When I get up again my eyes spot the dabs of colour in the slacks, as the spring flowers burst through. Whenever I come new colours seem to have been painted in! What a difference from a few years ago, when most of the area behind the dunes was covered in a woodland. The trees had self-seeded from the forestry plantation behind. A lot of them were the Scots and Corsican Pine and were shading out other species. The windmill is doing a great job too in pumping water back into the slacks to make them wet like they used to be.
I wish I had been around in the early 1900s before the forestry. This place was very different then. The Forestry Commission got the ground just after the First World War when, because of the war, the country was short of timber. The planting job was done in 1925. They didn't realise the damage they were doing by draining the ground and planting conifers, they just wanted the wood. They put up rabbit fencing to keep the rabbits out, but it also stopped the ducklings returning to the sea from their nests among the newly planted trees - many perished each year despite the efforts of the foresters.
Before then, as the name suggests - Tentsmuir - it was heather moorland and wet bogland.
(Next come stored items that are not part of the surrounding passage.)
lemma large_lam_no_C2_solution:
  fixes g :: "real \<Rightarrow> real" and N :: nat
  assumes N: "N \<ge> 2" and int: "set_integrable lborel A g"
    and nonneg: "AE s in lborel. s \<in> A \<longrightarrow> 0 \<le> g s"
    and ab: "a < b" and sub: "{0..exp (- a)} \<subseteq> A" and mass: "(LBINT s:{0..exp (- b)}. g s) > 0"
    and S: "{a..b} \<subseteq> S"
  shows "\<exists>lam0>0. \<forall>lam>lam0. \<not> (\<exists>w w1 w2. C2_with S w w1 w2 \<and> (\<forall>t\<in>S. ode_at N lam g w w1 w2 t))"
proof -
  define m where "m = exp (- \<bar>real N - 3\<bar> * (\<bar>a\<bar> + \<bar>b\<bar>)) * (LBINT s:{0..exp (- b)}. g s)"
  have m: "m > 0" using mass by (simp add: m_def)
  have forcing_ge_m: "\<forall>t\<in>{a..b}. m \<le> forcing N g t"
    using forcing_ge[OF int nonneg sub] mass unfolding m_def by auto
  obtain L0 where L0: "L0 > 0" and no_sol: "\<forall>lam>L0. \<forall>w w1 w2 F. \<not> (\<forall>t\<in>{a..b}.
     (w has_real_derivative w1 t) (at t within {a..b}) \<and>
     (w1 has_real_derivative w2 t) (at t within {a..b}) \<and> m \<le> F t \<and>
     - w2 t + (real N - 2) * w1 t + (real N - 1) * w t
       = (real N - 1) / 2 * exp (- t) * (w t)\<^sup>2 + lam * F t)"
    using large_forcing_excludes_solutions[OF N ab m] by blast
  have "\<not> (\<exists>w w1 w2. C2_with S w w1 w2 \<and> (\<forall>t\<in>S. ode_at N lam g w w1 w2 t))" if lam: "lam > L0" for lam
  proof
    assume "\<exists>w w1 w2. C2_with S w w1 w2 \<and> (\<forall>t\<in>S. ode_at N lam g w w1 w2 t)"
    then obtain w w1 w2 where C2: "C2_with S w w1 w2" and ode: "\<forall>t\<in>S. ode_at N lam g w w1 w2 t"
      by blast
    have "(w has_real_derivative w1 t) (at t within {a..b})"
      "(w1 has_real_derivative w2 t) (at t within {a..b})" if "t \<in> {a..b}" for t
      using C2 S \<open>t \<in> {a..b}\<close> has_field_derivative_subset[OF _ S] unfolding C2_with_def by blast+
    then show False
      using no_sol[rule_format, OF lam, of w w1 w2 "forcing N g"] ode forcing_ge_m S
      unfolding ode_at_def by blast
  qed
  then show ?thesis using L0 by blast
qed

lemma admissible_unit_interval_positive_mass:
  fixes g :: "real \<Rightarrow> real"
  assumes adm: "admissible {0..1} g"
  shows "\<exists>a b. 0 < a \<and> a < b \<and> {0..exp (- a)} \<subseteq> {0..1} \<and> (LBINT s:{0..exp (- b)}. g s) > 0"
proof -
  define x where "x n = 1 - 1 / (real n + 2)" for n :: nat
  have x: "0 < x n" "x n < 1" for n unfolding x_def by (auto simp: field_simps)
  have exhaust: "AE s in lborel. s \<in> {0..1} \<longrightarrow> (\<exists>n. s \<in> {0..x n})"
    using AE_lborel_singleton[of "1::real"]
  proof eventually_elim
    case (elim s)
    show ?case
    proof
      assume s: "s \<in> {0..1::real}"
      then have "0 < 1 - s" using elim by auto
      then obtain n where n: "n > 0" "inverse (real n) < 1 - s" using ex_inverse_of_nat_less by blast
      have "1 / (real n + 2) \<le> inverse (real n)" using n by (simp add: field_simps)
      then have "s \<le> x n" using n unfolding x_def by linarith
      then show "\<exists>n. s \<in> {0..x n}" using s by auto
    qed
  qed
  obtain n where n: "(LBINT s:{0..x n}. g s) > 0"
    using ex_pos_initial_integral_of_esssup_pos[of "{0..1}" g x] adm exhaust x unfolding admissible_def
    by (metis atLeastAtMost_iff atLeastatMost_subset_iff less_imp_le order_refl sets_lborel atLeastAtMost_borel)
  define b where "b = - ln (x n)"
  have b: "b > 0" "exp (- b) = x n" using x[of n] by (auto simp: b_def)
  show ?thesis
    using b n by (intro exI[of _ "b/2"] exI[of _ b]) auto
qed

lemma admissible_half_line_positive_mass:
  fixes g :: "real \<Rightarrow> real"
  assumes adm: "admissible {0..} g"
  shows "\<exists>a b. a < b \<and> (LBINT s:{0..exp (- b)}. g s) > 0"
proof -
  define x where "x n = real n + 1" for n :: nat
  have x: "0 < x n" for n unfolding x_def by auto
  have exhaust: "AE s in lborel. s \<in> {0..} \<longrightarrow> (\<exists>n. s \<in> {0..x n})"
  proof (rule AE_I2, rule impI)
    fix s :: real assume "s \<in> {0..}"
    moreover obtain n where "s \<le> real n" using real_arch_simple by blast
    ultimately show "\<exists>n. s \<in> {0..x n}" unfolding x_def by (intro exI[of _ n]) auto
  qed
  obtain n where n: "(LBINT s:{0..x n}. g s) > 0"
    using ex_pos_initial_integral_of_esssup_pos[of "{0..}" g x] adm exhaust x unfolding admissible_def by auto
  define b where "b = - ln (x n)"
  have b: "exp (- b) = x n" using x[of n] by (auto simp: b_def)
  show ?thesis
    using b n by (intro exI[of _ "b - 1"] exI[of _ b]) auto
qed

lemma large_lam_no_C2_solution_half_line:
  fixes g :: "real \<Rightarrow> real" and N :: nat
  assumes N: "N \<ge> 2" and adm: "admissible {0..1} g"
  shows "\<exists>lam0>0. \<forall>lam>lam0.
    \<not> (\<exists>w w1 w2. C2_with {0..} w w1 w2 \<and> (\<forall>t\<in>{0..}. ode_at N lam g w w1 w2 t))"
proof -
  obtain a b where "0 < a" "a < b" "{0..exp (- a)} \<subseteq> {0..1}" "(LBINT s:{0..exp (- b)}. g s) > 0"
    using admissible_unit_interval_positive_mass[OF adm] by blast
  then show ?thesis
    using adm unfolding admissible_def by (intro large_lam_no_C2_solution[OF N, of "{0..1}"]) auto
qed

lemma large_lam_no_C2_solution_line:
  fixes g :: "real \<Rightarrow> real" and N :: nat
  assumes N: "N \<ge> 2" and adm: "admissible {0..} g"
  shows "\<exists>lam0>0. \<forall>lam>lam0.
    \<not> (\<exists>w w1 w2. C2_with UNIV w w1 w2 \<and> (\<forall>t\<in>UNIV. ode_at N lam g w w1 w2 t))"
proof -
  obtain a b where "a < b" "(LBINT s:{0..exp (- b)}. g s) > 0"
    using admissible_half_line_positive_mass[OF adm] by blast
  then show ?thesis
    using adm unfolding admissible_def by (intro large_lam_no_C2_solution[OF N, of "{0..}"]) auto
qed

theorem theorem4p14:
  fixes N :: nat
  assumes "N \<ge> 2"
  shows
   "(\<forall>g. admissible {0..1} g \<and> ((\<lambda>t. forcing N g t) \<longlongrightarrow> 0) at_top \<longrightarrow>
       (\<exists>lam0>0. \<forall>lam>lam0. \<not> (\<exists>w. dirichlet_sol N lam g w)))
  \<and> (\<forall>g. admissible {0..1} g \<and> ((\<lambda>t. forcing N g t) \<longlongrightarrow> 0) at_top \<longrightarrow>
       (\<exists>lam0>0. \<forall>lam>lam0. \<not> (\<exists>w. navier_sol N lam g w)))
  \<and> (\<forall>g. admissible {0..} g \<and> ((\<lambda>t. forcing N g t) \<longlongrightarrow> 0) at_top
          \<and> ((\<lambda>t. forcing N g t) \<longlongrightarrow> 0) at_bot \<longrightarrow>
       (\<exists>lam0>0. \<forall>lam>lam0. \<not> (\<exists>w. entire_sol N lam g w)))"
proof (intro conjI allI impI)
  fix g assume "admissible {0..1} g \<and> ((\<lambda>t. forcing N g t) \<longlongrightarrow> 0) at_top"
  then obtain lam0 where "lam0 > 0" and no_sol: "\<forall>lam>lam0.
      \<not> (\<exists>w w1 w2. C2_with {0..} w w1 w2 \<and> (\<forall>t\<in>{0..}. ode_at N lam g w w1 w2 t))"
    using large_lam_no_C2_solution_half_line[OF assms] by blast
  then show "\<exists>lam0>0. \<forall>lam>lam0. \<not> (\<exists>w. dirichlet_sol N lam g w)"
    unfolding dirichlet_sol_def by fastforce
  show "\<exists>lam0>0. \<forall>lam>lam0. \<not> (\<exists>w. navier_sol N lam g w)"
    using \<open>lam0 > 0\<close> no_sol unfolding navier_sol_def by fastforce
next
  fix g assume "admissible {0..} g \<and> ((\<lambda>t. forcing N g t) \<longlongrightarrow> 0) at_top
          \<and> ((\<lambda>t. forcing N g t) \<longlongrightarrow> 0) at_bot"
  then show "\<exists>lam0>0. \<forall>lam>lam0. \<not> (\<exists>w. entire_sol N lam g w)"
    using large_lam_no_C2_solution_line[OF assms] unfolding entire_sol_def by fastforce
qed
We know this from old maps and what people wrote about the area. The owner, wanting to make money, introduced grouse shooting. He transplanted heather onto the new blown sand and managed it by burning. The grouse were brought in from Perthshire. A lot of bird species have been lost from Tentsmuir as a result of these land use changes, some have been gained too. When something isn't valued, no-one notices or cares about what happens to it.
Today, we realise that Tentsmuir is very special for the variety of animals and plants it supports and the growth of the sand dunes. In 1954, Tentsmuir Point was made a National Nature Reserve. It's my job to make sure it is looked after and protected. But there are still a lot of people who don't care and don't think. There is so much that local people, including young people can do to help - keeping the scrub down, clearing litter, encouraging everyone to keep their dogs on a lead and explaining why, enjoying it too! With your help we can make sure it survives."